Очевидно, что рассматриваемые фамильные имена Полежаев, Сопиков, Храповицкий и другие используются и не как обычные фамилии, и не как фамильные прозвища реальных людей или литературных персонажей вроде только что приведенных Сердечкина, Балалайкина и Обещалкина и не как так называемые «говорящие» (а вернее было бы сказать – «кричащие») фамилии литературных героев типа Скотинин (у Фонвизина), Вороватым и Грабилин (у Булгарина), Криворожим, Надулин, Ворышев (у В. А. Соллогуба), Дикой и Лютое (у Островского) (ведь за такими именами стоят тоже люди, хотя и вымышленные). Эти гоголевские фамилии скрывают под собой обычные нарицательные имена – названия предметов, действий и состояний. Они выступают как своего рода маски. Словесные маски.

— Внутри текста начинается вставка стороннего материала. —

lemma level_equiv_trans:
  assumes "cfg y" and "level_equiv j x y" and "level_equiv j y z"
  shows "level_equiv j x z"
proof -
  have "x \<oplus> \<ominus> y \<oplus> (y \<oplus> \<ominus> z) = x \<oplus> (y \<oplus> \<ominus> y \<oplus> \<ominus> z)" by (simp only: add_cfg_ac)
  also have "\<dots> = x \<oplus> \<ominus> z" using assms(1) by simp
  finally show ?thesis using assms level_add unfolding level_equiv_def by metis
qed

lemma level_equiv_add:
  assumes "cfg y" and "cfg z" and "level_equiv j x y"
  shows "level_equiv j (x \<oplus> z) (y \<oplus> z)"
proof -
  have "x \<oplus> z \<oplus> \<ominus> (y \<oplus> z) = x \<oplus> \<ominus> y \<oplus> (z \<oplus> \<ominus> z)"
    using assms by (simp only: neg_add_cfg_distrib add_cfg_ac)
  then show ?thesis using assms by (simp add: level_equiv_def)
qed

lemma level_equiv_rot: "x \<in> level (Suc j) \<Longrightarrow> level_equiv j (rot k x) x"
  by (simp add: level_equiv_def rot_diff_in_level)

lemma level_equiv_in_level:
  assumes "cfg x" and "level_equiv j x y" and "y \<in> level j"
  shows "x \<in> level j"
  using level_add[of "x \<oplus> \<ominus> y" j y] assms config_if_in_level
  by (simp add: level_equiv_def add_neg_cancel_right_cfg)

lemma move_level_equiv:
  assumes "x \<in> level (Suc j)" and "y \<in> level (Suc j)" and "cfg x0" and "level_equiv j x x0"
  shows "rot k (x \<oplus> y) \<in> level (Suc j) \<and> level_equiv j (rot k (x \<oplus> y)) (x0 \<oplus> y)"
proof -
  have "level_equiv j (rot k (x \<oplus> y)) (x \<oplus> y)" using assms by (simp add: level_equiv_rot level_add)
  moreover have "level_equiv j (x \<oplus> y) (x0 \<oplus> y)"
    using level_equiv_add[OF assms(3) config_if_in_level[OF assms(2)] assms(4)] .
  ultimately have "level_equiv j (rot k (x \<oplus> y)) (x0 \<oplus> y)"
    using level_equiv_trans[OF config_add_cfg] by blast
  then show ?thesis using assms by (simp add: level_add level_rot)
qed

lemma play_level_equiv:
  assumes "set ys \<subseteq> level j" and "x \<in> level (Suc j)" and "length ks = length ys"
  shows "play x ys ks \<in> level (Suc j) \<and> level_equiv j (play x ys ks) x"
  using assms
proof (induction ys arbitrary: x ks)
  case Nil
  then show ?case using config_if_in_level by (simp add: level_equiv_refl)
next
  case (Cons y ys)
  then obtain k ks' where ks: "ks = k # ks'" by (cases ks) auto
  have y: "y \<in> level j" "y \<in> level (Suc j)" using Cons.prems level_Suc_mono by auto
  define x' where "x' = rot k (x \<oplus> y)"
  have x': "x' \<in> level (Suc j)" using Cons.prems y by (simp add: x'_def level_add level_rot)
  have "level_equiv j x' (x \<oplus> y)"
    using Cons.prems y by (simp add: x'_def level_equiv_rot level_add)
  moreover have "level_equiv j (x \<oplus> y) x"
    using y config_if_in_level[OF Cons.prems(2)] config_if_in_level[OF y(1)]
    by (simp add: level_equiv_def add_neg_cancel_left_cfg)
  ultimately have "level_equiv j x' x" by (rule level_equiv_trans[rotated]) simp
  then show ?case
    using Cons.IH[OF _ x', of ks'] Cons.prems ks level_equiv_trans[OF config_if_in_level[OF x']]
    by (auto simp: x'_def)
qed

definition winning_on :: "(nat \<Rightarrow> nat) set \<Rightarrow> (nat \<Rightarrow> nat) list \<Rightarrow> bool" where
  "winning_on A ys \<longleftrightarrow> set ys \<subseteq> A \<and> (\<forall>x\<in>A. \<forall>ks. length ks = length ys \<longrightarrow> reaches_zero x ys ks)"
lemma minimal_normal_action_trivial_or_faithful:
  assumes min: "minimal_normal \<Omega> G M" and act: "group_action (BijGroup \<Omega>\<lparr>carrier := G\<rparr>) Y \<phi>"
  shows "(\<forall>m\<in>M. \<phi> m = \<one>\<^bsub>BijGroup Y\<^esub>) \<or> inj_on \<phi> M"
proof -
  let ?G = "BijGroup \<Omega>\<lparr>carrier := G\<rparr>"
  let ?K = "kernel ?G (BijGroup Y) \<phi>"
  interpret \<phi>: group_hom ?G "BijGroup Y" \<phi>
    using act by (rule group_action.group_hom)
  have M: "M \<lhd> ?G" using min by (simp add: minimal_normal_def)
  then have "M \<subseteq> G" using normal_imp_subgroup subgroup.subset by fastforce
  have "M \<inter> ?K \<lhd> ?G"
    by (rule \<phi>.G.normal_subgroup_intersect[OF M \<phi>.normal_kernel])
  then have "M \<inter> ?K = {\<one>\<^bsub>BijGroup \<Omega>\<^esub>} \<or> M \<inter> ?K = M"
    using min by (simp add: minimal_normal_def)
  then show ?thesis
  proof
    assume "M \<inter> ?K = {\<one>\<^bsub>BijGroup \<Omega>\<^esub>}"
    moreover have "kernel (?G\<lparr>carrier := M\<rparr>) (BijGroup Y) \<phi> = M \<inter> ?K"
      using \<open>M \<subseteq> G\<close> unfolding kernel_def by auto
    ultimately have "kernel (?G\<lparr>carrier := M\<rparr>) (BijGroup Y) \<phi> = {\<one>\<^bsub>?G\<^esub>}"
      by simp
    then show ?thesis
      using \<phi>.inj_on_subgroup_iff_trivial_ker[OF normal_imp_subgroup[OF M]] by blast
  next
    assume "M \<inter> ?K = M"
    then show ?thesis by (auto simp: kernel_def)
  qed
qed

section \<open>Partitions and Cartesian decompositions\<close>

lemma block_of_eq:
  assumes "partition_on \<Omega> \<Gamma>" and "\<gamma> \<in> \<Gamma>" and "x \<in> \<gamma>"
  shows "block_of \<Gamma> x = \<gamma>"
  unfolding block_of_def
proof (rule the_equality)
  show "\<gamma> \<in> \<Gamma> \<and> x \<in> \<gamma>" using assms by simp
  show "\<delta> = \<gamma>" if "\<delta> \<in> \<Gamma> \<and> x \<in> \<delta>" for \<delta>
    using that assms partition_onD2 by (fastforce simp: disjoint_def)
qed

lemma block_of_mem:
  assumes "partition_on \<Omega> \<Gamma>" and "x \<in> \<Omega>"
  shows "block_of \<Gamma> x \<in> \<Gamma>" and "x \<in> block_of \<Gamma> x"
proof -
  obtain \<gamma> where "\<gamma> \<in> \<Gamma>" "x \<in> \<gamma>" using assms partition_onD1 by blast
  then show "block_of \<Gamma> x \<in> \<Gamma>" "x \<in> block_of \<Gamma> x"
    using block_of_eq[OF assms(1)] by simp_all
qed

lemma partition_on_part_img:
  assumes "g \<in> Bij \<Omega>" and "partition_on \<Omega> \<Gamma>"
  shows "partition_on \<Omega> (part_img g \<Gamma>)"
proof -
  have "partition_on (g ` \<Omega>) ((`) g ` \<Gamma> - {{}})"
    using assms by (intro partition_on_inj_image) (auto simp: Bij_def bij_betw_def)
  moreover have "g ` \<Omega> = \<Omega>" using assms(1) by (auto simp: Bij_def bij_betw_def)
  moreover have "{} \<notin> (`) g ` \<Gamma>" using partition_onD3[OF assms(2)] by auto
  ultimately show ?thesis by (simp add: part_img_def)
qed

И поскольку собственные имена людей наука обозначает термином «антропоним», можно назвать эти словесные маски антропонимическими.

* * *

Совершая такие переименования, Гоголь играет словом и создает веселый словесный маскарад, опираясь на многовековые традиции русской народной смеховой культуры, которая вырабатывалась в древней карнавально-скоморошьей речи, в комическом слове шутов, гаеров ярмарочных балаганов, странствующих школяров, сказочников. Это их веселая фантазия создала хоровод ряженых, который в русской сказке ведут животные, выступающие под масками-личинами собственных имен в личных именованиях различных типов: лиса Лисавета, кот Котофей, филин Филимон Иваныч, петух Петухан Куриханыч, гусь Гаган Каганович, заяц Виляюшкин, медведь Михаил Потапович Топтыгин и многие другие. В пословицах, поговорках, присловьях и загадках также обычно шутливое замещение названий предметов и действий собственными именами, похожими на географические названия – топонимы. Ср., например, топонимически замаскированный рассказ об ударе по лицу: «Съездить кого в Харьковскую губернию, Зубцовского (Мордасовского) уезда в город Рыльск, в Рожественский приход» (Даль В. И. Пословицы русского народа). То же в позднейшей вариации: «– Не обнаруживать себя, ни немцев, ни полицаев не задевать. Помните только о своей задаче. – Ну, а если крайность? – спросил сержант. – Ну, в таком случае, – засмеялся Корбут, – вас ведь трое, значит тихонько: по Харьковской губернии, да в Мордасовский уезд, в Рыльск, а если надо, так и сразу в Могилевскую область!..» (Я Чернов. Саперы//Октябрь. 1986.№ 7. С. 174).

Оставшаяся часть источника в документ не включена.